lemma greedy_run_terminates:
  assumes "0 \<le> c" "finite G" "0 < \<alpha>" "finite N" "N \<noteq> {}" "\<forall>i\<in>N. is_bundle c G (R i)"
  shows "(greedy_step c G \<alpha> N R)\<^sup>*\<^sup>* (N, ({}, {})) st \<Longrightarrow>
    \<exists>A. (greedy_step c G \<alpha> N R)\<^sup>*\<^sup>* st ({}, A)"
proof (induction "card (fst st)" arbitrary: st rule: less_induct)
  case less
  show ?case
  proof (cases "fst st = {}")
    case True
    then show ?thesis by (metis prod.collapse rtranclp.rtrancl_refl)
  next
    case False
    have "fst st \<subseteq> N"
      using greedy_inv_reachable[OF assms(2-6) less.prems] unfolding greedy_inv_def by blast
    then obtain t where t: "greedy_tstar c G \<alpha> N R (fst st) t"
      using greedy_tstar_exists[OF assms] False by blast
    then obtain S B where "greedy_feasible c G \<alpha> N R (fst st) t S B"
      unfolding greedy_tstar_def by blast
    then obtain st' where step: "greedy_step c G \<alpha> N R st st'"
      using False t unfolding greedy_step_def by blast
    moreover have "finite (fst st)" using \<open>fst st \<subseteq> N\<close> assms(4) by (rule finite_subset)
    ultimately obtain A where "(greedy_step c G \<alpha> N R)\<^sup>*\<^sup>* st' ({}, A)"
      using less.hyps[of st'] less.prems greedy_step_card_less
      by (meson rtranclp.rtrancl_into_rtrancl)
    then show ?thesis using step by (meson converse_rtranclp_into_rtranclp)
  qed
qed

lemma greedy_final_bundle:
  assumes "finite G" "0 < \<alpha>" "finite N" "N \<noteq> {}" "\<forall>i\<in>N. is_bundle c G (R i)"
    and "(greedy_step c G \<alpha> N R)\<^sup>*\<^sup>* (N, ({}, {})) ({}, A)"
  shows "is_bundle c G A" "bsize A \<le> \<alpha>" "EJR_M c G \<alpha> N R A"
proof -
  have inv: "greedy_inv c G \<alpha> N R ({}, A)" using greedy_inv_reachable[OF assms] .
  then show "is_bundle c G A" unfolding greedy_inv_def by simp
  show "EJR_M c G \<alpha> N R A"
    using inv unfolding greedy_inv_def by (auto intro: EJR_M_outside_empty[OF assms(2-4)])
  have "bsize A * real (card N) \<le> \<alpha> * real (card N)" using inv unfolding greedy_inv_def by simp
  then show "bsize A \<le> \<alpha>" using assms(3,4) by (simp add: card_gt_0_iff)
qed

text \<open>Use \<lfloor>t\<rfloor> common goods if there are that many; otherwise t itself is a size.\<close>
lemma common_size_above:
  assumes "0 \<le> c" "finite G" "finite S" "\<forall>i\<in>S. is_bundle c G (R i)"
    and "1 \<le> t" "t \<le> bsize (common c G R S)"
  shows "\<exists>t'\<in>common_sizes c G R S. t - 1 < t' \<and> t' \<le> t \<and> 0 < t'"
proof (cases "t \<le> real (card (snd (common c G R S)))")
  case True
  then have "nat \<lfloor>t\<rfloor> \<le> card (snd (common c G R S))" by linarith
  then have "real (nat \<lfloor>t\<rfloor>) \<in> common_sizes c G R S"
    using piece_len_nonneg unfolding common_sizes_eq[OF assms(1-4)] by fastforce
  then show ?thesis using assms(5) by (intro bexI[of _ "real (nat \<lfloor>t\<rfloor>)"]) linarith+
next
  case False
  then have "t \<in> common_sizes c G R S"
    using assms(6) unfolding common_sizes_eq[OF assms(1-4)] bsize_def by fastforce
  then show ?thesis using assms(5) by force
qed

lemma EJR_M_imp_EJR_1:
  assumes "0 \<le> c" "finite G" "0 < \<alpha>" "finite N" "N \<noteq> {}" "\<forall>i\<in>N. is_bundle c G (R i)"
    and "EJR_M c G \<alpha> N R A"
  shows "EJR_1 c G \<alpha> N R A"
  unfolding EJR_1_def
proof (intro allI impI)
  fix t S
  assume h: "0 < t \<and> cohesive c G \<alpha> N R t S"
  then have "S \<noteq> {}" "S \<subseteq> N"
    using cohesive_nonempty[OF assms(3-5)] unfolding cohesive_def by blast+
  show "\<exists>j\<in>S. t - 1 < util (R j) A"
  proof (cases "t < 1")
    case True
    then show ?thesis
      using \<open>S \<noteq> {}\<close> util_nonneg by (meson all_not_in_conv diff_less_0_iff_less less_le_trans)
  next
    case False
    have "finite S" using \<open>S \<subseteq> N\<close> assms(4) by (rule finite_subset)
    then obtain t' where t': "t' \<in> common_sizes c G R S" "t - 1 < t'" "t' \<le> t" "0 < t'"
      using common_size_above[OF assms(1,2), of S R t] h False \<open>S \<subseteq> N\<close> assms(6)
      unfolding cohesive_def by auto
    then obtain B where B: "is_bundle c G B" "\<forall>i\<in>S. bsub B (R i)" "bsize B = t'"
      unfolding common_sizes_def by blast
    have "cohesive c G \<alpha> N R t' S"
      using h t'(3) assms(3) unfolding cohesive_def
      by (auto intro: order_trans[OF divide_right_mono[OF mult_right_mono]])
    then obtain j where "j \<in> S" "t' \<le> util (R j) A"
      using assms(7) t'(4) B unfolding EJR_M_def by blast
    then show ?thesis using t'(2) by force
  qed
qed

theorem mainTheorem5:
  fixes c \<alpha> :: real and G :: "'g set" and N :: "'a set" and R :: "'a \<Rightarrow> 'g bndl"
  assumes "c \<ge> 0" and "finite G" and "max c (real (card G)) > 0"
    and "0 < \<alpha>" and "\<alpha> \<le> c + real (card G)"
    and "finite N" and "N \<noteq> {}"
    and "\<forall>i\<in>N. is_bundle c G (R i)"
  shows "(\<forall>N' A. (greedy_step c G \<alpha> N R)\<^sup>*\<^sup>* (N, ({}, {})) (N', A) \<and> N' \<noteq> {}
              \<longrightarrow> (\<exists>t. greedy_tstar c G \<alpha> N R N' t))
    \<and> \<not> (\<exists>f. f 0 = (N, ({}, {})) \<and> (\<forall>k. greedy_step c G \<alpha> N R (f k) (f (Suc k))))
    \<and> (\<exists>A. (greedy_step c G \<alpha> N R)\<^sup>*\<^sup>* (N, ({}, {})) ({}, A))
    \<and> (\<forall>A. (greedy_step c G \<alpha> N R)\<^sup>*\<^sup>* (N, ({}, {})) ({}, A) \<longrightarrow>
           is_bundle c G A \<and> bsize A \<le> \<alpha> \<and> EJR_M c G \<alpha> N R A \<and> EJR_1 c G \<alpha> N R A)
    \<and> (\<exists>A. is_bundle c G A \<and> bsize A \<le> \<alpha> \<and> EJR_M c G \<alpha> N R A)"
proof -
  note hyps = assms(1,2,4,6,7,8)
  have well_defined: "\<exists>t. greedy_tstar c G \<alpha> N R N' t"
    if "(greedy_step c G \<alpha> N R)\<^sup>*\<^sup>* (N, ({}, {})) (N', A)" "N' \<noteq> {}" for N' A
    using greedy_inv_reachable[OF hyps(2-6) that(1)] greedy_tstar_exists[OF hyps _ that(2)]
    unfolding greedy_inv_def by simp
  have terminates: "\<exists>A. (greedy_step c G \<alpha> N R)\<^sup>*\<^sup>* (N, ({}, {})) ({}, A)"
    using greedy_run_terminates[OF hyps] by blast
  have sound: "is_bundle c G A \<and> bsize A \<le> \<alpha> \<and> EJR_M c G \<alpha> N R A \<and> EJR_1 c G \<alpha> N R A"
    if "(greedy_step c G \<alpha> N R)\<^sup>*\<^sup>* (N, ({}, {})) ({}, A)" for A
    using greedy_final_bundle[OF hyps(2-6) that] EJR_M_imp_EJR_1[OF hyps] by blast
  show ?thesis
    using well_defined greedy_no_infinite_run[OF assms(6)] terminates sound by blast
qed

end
----------
THE PROBLEM:
Identify the lines in the records above that contain the word "fastforce", then state how many there are and nothing more.

WRITTEN REPLY:
2